**Description of the task**: Restate verbatim the span of lines below between the line with "prime_int_p not_prime_unit)" and the line with "using Zp.nat_pow_mult[OF w] by simp", including those two lines, and only that span.

**Records from a dataset**:
┄┄┄┄┄┄┄┄┄┄┄┄┄┄┄┄┄┄┄┄
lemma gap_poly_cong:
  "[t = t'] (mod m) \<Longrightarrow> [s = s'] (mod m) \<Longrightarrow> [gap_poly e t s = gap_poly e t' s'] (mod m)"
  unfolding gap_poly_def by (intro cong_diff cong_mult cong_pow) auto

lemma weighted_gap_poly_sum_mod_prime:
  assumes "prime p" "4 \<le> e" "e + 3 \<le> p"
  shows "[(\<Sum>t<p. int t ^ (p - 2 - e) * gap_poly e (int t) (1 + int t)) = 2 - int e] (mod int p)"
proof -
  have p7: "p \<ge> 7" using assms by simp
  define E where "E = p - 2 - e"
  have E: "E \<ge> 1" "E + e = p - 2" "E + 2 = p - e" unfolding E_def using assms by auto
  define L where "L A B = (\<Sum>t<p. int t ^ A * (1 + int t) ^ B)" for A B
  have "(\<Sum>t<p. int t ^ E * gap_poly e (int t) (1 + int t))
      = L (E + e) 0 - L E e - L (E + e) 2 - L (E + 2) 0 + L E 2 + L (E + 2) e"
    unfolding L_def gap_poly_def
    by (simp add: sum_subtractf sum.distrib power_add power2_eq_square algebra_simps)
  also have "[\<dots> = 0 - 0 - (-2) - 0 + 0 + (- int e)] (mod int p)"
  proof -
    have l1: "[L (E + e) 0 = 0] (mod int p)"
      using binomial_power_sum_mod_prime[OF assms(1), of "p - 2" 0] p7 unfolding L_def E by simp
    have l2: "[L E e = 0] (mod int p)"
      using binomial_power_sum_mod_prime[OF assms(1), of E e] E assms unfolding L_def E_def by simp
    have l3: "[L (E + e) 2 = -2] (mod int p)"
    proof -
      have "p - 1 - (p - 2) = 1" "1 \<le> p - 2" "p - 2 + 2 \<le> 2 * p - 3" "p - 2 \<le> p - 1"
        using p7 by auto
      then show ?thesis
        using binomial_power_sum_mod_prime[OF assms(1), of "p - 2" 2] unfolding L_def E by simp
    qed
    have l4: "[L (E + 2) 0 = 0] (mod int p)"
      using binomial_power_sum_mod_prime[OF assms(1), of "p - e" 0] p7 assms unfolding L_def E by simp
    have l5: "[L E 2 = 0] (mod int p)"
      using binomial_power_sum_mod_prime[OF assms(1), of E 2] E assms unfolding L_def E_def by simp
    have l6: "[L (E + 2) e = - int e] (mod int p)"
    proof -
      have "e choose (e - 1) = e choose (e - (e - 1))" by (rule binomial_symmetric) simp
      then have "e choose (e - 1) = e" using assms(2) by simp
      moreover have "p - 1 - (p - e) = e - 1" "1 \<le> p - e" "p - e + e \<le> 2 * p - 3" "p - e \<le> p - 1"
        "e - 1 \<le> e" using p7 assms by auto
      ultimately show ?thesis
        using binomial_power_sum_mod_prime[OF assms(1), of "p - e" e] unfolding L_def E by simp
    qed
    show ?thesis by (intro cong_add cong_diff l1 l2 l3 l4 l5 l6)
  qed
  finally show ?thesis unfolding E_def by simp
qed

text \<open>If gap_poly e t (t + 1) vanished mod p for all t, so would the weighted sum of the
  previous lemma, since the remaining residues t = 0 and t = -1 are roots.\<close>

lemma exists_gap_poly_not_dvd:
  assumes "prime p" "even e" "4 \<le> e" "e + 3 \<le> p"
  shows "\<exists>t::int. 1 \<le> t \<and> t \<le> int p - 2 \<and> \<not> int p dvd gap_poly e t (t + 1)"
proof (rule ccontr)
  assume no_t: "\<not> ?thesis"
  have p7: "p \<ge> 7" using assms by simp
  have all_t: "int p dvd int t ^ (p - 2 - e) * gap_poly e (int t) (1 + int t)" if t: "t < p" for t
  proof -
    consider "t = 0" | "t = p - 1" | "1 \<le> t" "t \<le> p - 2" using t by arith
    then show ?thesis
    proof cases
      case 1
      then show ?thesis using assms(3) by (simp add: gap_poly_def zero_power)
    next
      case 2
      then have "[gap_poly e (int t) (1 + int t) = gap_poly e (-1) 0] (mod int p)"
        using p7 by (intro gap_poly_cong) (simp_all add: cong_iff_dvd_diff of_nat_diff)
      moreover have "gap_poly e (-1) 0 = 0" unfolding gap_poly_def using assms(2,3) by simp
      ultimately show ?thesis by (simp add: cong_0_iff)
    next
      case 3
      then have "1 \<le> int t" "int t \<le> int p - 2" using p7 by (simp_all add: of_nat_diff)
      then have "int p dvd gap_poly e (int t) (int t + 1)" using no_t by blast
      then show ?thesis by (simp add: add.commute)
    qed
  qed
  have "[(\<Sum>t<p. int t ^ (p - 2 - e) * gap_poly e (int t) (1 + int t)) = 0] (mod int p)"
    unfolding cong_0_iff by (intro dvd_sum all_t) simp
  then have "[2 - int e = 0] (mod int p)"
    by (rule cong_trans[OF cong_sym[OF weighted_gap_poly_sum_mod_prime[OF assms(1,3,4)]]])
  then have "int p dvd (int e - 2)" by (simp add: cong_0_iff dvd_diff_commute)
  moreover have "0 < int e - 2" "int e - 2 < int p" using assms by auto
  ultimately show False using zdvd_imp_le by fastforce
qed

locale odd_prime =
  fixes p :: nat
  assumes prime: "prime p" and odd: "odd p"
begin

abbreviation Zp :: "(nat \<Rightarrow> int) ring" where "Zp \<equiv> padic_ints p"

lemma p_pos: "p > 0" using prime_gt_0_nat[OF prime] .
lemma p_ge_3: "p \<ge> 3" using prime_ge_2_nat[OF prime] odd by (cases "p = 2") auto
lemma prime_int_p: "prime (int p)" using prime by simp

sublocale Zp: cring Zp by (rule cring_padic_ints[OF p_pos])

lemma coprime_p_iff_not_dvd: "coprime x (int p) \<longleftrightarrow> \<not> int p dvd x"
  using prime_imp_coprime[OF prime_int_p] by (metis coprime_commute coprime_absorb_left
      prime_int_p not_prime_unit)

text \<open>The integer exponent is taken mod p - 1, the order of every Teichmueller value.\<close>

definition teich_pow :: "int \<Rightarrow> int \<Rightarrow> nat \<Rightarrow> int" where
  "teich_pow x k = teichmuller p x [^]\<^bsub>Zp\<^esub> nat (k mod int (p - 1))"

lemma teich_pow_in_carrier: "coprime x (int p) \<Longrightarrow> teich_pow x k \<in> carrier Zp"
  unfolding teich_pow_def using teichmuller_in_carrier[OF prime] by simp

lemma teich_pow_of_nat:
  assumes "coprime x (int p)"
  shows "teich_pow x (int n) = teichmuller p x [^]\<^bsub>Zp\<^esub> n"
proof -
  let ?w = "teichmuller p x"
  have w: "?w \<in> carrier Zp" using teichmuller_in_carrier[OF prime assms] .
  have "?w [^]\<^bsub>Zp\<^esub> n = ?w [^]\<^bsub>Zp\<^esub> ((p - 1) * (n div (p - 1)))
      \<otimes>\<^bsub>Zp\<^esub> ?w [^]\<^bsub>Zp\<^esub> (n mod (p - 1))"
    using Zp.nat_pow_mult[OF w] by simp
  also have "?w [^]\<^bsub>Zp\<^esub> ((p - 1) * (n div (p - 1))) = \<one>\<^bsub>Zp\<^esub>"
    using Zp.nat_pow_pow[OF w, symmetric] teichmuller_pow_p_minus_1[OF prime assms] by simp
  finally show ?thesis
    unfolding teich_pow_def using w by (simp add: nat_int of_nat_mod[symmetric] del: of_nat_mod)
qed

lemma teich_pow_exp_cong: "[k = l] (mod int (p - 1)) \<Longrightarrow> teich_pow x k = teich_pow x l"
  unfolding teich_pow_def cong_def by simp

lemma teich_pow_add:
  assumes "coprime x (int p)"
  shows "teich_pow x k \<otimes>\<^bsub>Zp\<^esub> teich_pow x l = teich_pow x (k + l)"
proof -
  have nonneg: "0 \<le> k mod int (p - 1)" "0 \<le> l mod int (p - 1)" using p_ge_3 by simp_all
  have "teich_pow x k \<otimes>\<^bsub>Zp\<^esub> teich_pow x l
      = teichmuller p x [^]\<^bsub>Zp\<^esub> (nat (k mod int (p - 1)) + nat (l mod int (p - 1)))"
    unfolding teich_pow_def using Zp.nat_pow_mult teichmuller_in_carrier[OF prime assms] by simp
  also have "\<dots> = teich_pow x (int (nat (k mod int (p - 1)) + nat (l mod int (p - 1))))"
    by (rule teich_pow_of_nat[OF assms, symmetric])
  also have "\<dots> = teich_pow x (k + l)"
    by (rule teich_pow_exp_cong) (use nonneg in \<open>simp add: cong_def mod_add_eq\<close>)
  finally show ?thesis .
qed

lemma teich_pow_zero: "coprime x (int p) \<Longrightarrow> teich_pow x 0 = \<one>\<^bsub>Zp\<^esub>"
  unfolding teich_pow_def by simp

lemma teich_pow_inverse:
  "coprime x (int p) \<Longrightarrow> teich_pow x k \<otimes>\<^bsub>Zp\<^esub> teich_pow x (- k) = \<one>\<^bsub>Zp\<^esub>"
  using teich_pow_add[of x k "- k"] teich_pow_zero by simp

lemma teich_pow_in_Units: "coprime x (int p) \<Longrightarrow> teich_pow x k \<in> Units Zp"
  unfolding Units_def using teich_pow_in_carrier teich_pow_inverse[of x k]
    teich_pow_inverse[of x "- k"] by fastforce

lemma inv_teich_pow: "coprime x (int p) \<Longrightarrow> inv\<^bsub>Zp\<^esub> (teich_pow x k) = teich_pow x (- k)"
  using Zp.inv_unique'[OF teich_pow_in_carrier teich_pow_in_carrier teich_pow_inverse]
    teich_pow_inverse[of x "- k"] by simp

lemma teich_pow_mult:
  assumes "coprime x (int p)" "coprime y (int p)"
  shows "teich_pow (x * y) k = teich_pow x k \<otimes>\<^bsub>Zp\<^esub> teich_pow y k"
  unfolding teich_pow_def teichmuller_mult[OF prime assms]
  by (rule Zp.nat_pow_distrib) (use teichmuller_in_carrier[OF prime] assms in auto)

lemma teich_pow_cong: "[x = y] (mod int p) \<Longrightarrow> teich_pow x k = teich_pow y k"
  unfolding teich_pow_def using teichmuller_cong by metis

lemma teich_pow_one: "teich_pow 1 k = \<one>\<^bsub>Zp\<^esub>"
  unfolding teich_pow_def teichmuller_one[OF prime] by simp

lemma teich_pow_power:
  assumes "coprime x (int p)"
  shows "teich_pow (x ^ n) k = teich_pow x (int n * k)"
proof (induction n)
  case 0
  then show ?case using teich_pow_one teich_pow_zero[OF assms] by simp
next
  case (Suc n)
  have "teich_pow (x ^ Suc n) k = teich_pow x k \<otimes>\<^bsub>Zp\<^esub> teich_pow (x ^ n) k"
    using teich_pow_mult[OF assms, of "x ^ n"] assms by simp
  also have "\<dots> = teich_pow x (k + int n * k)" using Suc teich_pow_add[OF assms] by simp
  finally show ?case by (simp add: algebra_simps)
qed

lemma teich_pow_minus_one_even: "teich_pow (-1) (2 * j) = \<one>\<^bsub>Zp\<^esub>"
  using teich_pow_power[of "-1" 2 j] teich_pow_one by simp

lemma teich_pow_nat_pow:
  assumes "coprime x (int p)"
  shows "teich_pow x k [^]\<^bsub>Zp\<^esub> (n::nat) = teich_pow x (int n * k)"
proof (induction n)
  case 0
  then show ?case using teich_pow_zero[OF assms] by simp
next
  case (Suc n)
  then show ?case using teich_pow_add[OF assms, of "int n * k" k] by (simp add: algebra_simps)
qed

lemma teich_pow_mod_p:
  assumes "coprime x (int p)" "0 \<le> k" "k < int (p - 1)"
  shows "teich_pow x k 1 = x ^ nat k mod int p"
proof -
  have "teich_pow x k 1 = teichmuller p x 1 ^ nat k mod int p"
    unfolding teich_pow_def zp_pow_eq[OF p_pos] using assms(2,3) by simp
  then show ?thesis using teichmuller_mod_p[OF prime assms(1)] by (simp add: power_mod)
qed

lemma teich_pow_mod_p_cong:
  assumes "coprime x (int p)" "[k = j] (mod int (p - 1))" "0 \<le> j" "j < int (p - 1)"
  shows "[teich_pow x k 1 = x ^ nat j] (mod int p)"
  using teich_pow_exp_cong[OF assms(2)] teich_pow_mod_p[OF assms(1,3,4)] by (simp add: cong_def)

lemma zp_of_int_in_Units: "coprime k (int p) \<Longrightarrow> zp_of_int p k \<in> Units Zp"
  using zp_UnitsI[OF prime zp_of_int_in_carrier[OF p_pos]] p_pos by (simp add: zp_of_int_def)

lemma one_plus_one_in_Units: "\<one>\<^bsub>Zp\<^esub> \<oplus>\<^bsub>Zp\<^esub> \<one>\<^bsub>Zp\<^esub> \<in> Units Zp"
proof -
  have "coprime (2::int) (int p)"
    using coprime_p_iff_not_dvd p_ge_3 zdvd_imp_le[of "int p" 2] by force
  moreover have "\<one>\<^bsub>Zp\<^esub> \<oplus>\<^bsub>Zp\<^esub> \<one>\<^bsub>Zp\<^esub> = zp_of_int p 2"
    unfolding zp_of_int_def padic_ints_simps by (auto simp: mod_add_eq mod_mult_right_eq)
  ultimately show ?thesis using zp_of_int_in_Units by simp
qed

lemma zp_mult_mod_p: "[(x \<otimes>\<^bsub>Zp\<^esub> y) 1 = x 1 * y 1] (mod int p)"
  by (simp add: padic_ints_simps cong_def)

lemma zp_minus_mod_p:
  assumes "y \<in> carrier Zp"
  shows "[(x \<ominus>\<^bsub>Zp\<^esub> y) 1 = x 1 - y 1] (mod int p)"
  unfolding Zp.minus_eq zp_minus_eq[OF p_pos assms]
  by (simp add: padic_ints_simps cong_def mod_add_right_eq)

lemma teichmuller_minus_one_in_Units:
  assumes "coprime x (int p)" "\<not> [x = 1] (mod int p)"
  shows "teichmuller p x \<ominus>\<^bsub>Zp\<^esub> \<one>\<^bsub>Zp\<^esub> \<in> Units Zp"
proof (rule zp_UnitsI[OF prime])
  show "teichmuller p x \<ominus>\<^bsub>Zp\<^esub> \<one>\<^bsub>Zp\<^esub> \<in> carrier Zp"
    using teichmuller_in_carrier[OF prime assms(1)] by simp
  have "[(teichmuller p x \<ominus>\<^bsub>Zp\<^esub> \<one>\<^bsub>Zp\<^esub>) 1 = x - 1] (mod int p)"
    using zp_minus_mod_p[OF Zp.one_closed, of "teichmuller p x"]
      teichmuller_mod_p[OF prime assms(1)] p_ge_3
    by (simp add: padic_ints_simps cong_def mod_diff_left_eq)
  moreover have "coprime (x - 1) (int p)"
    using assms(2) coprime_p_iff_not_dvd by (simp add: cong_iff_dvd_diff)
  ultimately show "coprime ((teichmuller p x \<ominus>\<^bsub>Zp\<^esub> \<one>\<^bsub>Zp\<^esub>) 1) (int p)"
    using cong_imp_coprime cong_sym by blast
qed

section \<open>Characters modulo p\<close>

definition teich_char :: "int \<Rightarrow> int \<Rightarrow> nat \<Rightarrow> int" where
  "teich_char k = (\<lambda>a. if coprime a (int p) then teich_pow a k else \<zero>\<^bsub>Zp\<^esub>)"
┄┄┄┄┄┄┄┄┄┄┄┄┄┄┄┄┄┄┄┄
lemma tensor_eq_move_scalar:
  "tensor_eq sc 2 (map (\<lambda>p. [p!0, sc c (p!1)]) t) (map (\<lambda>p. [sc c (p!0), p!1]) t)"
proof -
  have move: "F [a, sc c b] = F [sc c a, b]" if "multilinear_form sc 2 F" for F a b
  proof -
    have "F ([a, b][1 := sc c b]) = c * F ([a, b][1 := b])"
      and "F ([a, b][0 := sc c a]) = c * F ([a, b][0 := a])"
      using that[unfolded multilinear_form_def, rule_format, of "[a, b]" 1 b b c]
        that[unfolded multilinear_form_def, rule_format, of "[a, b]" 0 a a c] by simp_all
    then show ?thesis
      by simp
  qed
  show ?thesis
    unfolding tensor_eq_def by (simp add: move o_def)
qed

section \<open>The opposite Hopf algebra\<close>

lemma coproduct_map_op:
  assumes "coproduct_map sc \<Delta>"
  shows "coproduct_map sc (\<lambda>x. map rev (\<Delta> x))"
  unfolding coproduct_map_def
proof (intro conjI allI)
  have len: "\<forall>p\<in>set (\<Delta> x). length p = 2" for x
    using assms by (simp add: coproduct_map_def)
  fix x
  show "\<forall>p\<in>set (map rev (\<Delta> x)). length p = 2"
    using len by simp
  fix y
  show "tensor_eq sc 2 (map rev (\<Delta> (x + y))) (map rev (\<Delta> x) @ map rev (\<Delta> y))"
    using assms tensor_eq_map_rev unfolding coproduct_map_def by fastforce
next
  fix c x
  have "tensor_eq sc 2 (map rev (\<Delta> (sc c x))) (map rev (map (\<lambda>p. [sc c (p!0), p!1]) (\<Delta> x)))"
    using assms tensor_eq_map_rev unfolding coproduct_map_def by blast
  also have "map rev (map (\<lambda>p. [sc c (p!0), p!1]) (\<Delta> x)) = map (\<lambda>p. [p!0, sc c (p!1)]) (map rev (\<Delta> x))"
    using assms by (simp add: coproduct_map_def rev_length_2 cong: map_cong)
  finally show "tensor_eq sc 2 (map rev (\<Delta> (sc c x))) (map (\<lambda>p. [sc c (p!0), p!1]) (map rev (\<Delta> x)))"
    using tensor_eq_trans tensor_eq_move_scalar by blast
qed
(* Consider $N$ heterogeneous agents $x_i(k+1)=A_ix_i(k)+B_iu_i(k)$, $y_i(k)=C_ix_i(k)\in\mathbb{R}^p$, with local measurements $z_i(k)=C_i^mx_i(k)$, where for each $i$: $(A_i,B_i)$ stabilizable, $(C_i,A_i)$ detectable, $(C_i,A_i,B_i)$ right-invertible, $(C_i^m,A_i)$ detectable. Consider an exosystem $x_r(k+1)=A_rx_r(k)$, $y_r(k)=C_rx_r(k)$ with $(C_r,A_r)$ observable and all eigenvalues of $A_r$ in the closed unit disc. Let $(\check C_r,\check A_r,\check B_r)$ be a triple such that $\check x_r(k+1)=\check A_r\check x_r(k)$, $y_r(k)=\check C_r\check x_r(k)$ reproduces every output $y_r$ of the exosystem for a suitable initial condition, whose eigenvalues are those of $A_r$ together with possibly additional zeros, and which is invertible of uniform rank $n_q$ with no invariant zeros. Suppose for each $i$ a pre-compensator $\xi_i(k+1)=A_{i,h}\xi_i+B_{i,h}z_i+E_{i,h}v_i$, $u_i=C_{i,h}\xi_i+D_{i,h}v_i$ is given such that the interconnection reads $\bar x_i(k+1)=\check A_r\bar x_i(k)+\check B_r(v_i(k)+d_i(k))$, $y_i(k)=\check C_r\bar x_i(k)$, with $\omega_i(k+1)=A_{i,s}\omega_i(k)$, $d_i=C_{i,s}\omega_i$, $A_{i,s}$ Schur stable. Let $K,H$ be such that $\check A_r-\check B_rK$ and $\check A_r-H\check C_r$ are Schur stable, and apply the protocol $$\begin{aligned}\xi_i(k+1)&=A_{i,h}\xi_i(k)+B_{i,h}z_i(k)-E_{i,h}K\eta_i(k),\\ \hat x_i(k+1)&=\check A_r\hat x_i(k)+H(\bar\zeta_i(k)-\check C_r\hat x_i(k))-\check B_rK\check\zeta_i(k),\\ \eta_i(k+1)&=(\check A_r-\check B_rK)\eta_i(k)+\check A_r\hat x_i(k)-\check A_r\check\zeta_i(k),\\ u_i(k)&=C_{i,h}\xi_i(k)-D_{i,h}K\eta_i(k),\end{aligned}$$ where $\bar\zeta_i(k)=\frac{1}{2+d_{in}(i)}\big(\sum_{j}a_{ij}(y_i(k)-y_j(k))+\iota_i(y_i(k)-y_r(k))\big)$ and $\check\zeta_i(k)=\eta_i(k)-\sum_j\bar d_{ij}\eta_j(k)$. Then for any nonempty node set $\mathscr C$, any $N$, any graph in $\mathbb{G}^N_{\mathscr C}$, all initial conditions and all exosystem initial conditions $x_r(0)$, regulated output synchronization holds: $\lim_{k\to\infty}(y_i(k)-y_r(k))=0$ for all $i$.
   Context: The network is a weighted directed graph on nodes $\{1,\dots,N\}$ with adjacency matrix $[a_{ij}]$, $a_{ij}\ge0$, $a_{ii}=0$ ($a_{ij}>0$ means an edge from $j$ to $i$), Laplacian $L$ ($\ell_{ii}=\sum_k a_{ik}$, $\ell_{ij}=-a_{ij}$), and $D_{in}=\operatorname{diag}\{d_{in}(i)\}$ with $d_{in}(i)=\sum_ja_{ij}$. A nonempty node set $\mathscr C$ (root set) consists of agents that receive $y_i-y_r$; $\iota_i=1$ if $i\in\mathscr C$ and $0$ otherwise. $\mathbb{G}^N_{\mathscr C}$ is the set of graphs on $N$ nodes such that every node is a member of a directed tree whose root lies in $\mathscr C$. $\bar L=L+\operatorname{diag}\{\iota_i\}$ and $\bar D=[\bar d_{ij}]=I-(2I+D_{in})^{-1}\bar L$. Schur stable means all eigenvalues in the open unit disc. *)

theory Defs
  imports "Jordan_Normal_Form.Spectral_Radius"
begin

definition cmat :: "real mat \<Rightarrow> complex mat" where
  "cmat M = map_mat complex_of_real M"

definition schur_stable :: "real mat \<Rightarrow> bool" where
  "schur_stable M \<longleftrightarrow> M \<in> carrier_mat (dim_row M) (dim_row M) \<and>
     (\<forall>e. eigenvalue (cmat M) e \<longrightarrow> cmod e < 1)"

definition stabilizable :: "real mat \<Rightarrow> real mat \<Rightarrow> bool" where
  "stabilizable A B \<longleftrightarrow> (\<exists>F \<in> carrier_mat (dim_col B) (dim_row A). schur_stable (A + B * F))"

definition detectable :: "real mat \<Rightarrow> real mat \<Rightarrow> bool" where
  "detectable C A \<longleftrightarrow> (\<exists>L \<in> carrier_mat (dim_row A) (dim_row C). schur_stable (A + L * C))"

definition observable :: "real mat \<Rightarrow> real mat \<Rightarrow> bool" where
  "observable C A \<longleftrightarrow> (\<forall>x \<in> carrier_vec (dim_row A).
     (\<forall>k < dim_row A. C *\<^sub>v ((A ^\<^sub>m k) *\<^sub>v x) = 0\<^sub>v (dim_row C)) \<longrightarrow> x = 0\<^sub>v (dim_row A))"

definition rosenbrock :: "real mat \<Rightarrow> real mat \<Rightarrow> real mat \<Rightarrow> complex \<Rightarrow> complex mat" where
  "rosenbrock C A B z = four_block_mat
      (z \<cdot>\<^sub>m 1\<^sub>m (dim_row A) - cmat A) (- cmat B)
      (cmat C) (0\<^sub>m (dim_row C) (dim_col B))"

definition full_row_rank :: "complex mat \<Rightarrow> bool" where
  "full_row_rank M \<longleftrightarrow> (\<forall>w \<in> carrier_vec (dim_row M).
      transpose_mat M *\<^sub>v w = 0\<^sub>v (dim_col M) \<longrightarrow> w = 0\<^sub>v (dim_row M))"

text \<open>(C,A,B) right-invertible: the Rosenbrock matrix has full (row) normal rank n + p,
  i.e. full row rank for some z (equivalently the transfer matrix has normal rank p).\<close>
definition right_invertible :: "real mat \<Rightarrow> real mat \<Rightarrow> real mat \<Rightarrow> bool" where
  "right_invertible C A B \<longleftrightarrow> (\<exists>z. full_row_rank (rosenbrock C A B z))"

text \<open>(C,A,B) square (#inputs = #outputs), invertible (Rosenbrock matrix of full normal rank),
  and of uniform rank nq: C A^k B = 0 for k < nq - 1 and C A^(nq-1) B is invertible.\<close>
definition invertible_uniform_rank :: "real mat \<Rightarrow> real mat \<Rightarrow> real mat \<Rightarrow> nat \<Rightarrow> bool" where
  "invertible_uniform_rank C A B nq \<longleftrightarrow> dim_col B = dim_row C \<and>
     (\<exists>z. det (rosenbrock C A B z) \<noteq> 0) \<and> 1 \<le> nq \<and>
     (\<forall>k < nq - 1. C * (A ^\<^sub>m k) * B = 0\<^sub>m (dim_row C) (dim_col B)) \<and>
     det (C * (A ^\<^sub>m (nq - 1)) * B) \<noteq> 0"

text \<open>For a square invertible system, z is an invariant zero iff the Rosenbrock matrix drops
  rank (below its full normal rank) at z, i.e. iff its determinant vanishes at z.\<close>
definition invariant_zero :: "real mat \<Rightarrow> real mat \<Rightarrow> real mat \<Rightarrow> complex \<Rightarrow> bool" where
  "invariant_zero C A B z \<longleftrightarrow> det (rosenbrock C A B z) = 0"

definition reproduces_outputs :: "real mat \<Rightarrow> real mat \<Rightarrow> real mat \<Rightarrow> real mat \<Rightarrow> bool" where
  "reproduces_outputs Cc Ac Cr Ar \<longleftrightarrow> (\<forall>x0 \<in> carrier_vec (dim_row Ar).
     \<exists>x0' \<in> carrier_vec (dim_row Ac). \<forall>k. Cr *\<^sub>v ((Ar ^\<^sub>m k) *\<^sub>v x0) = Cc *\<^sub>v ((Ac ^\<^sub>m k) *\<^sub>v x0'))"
┄┄┄┄┄┄┄┄┄┄┄┄┄┄┄┄┄┄┄┄
**Result of the exercise**:
      prime_int_p not_prime_unit)

text \<open>The integer exponent is taken mod p - 1, the order of every Teichmueller value.\<close>

definition teich_pow :: "int \<Rightarrow> int \<Rightarrow> nat \<Rightarrow> int" where
  "teich_pow x k = teichmuller p x [^]\<^bsub>Zp\<^esub> nat (k mod int (p - 1))"

lemma teich_pow_in_carrier: "coprime x (int p) \<Longrightarrow> teich_pow x k \<in> carrier Zp"
  unfolding teich_pow_def using teichmuller_in_carrier[OF prime] by simp

lemma teich_pow_of_nat:
  assumes "coprime x (int p)"
  shows "teich_pow x (int n) = teichmuller p x [^]\<^bsub>Zp\<^esub> n"
proof -
  let ?w = "teichmuller p x"
  have w: "?w \<in> carrier Zp" using teichmuller_in_carrier[OF prime assms] .
  have "?w [^]\<^bsub>Zp\<^esub> n = ?w [^]\<^bsub>Zp\<^esub> ((p - 1) * (n div (p - 1)))
      \<otimes>\<^bsub>Zp\<^esub> ?w [^]\<^bsub>Zp\<^esub> (n mod (p - 1))"
    using Zp.nat_pow_mult[OF w] by simp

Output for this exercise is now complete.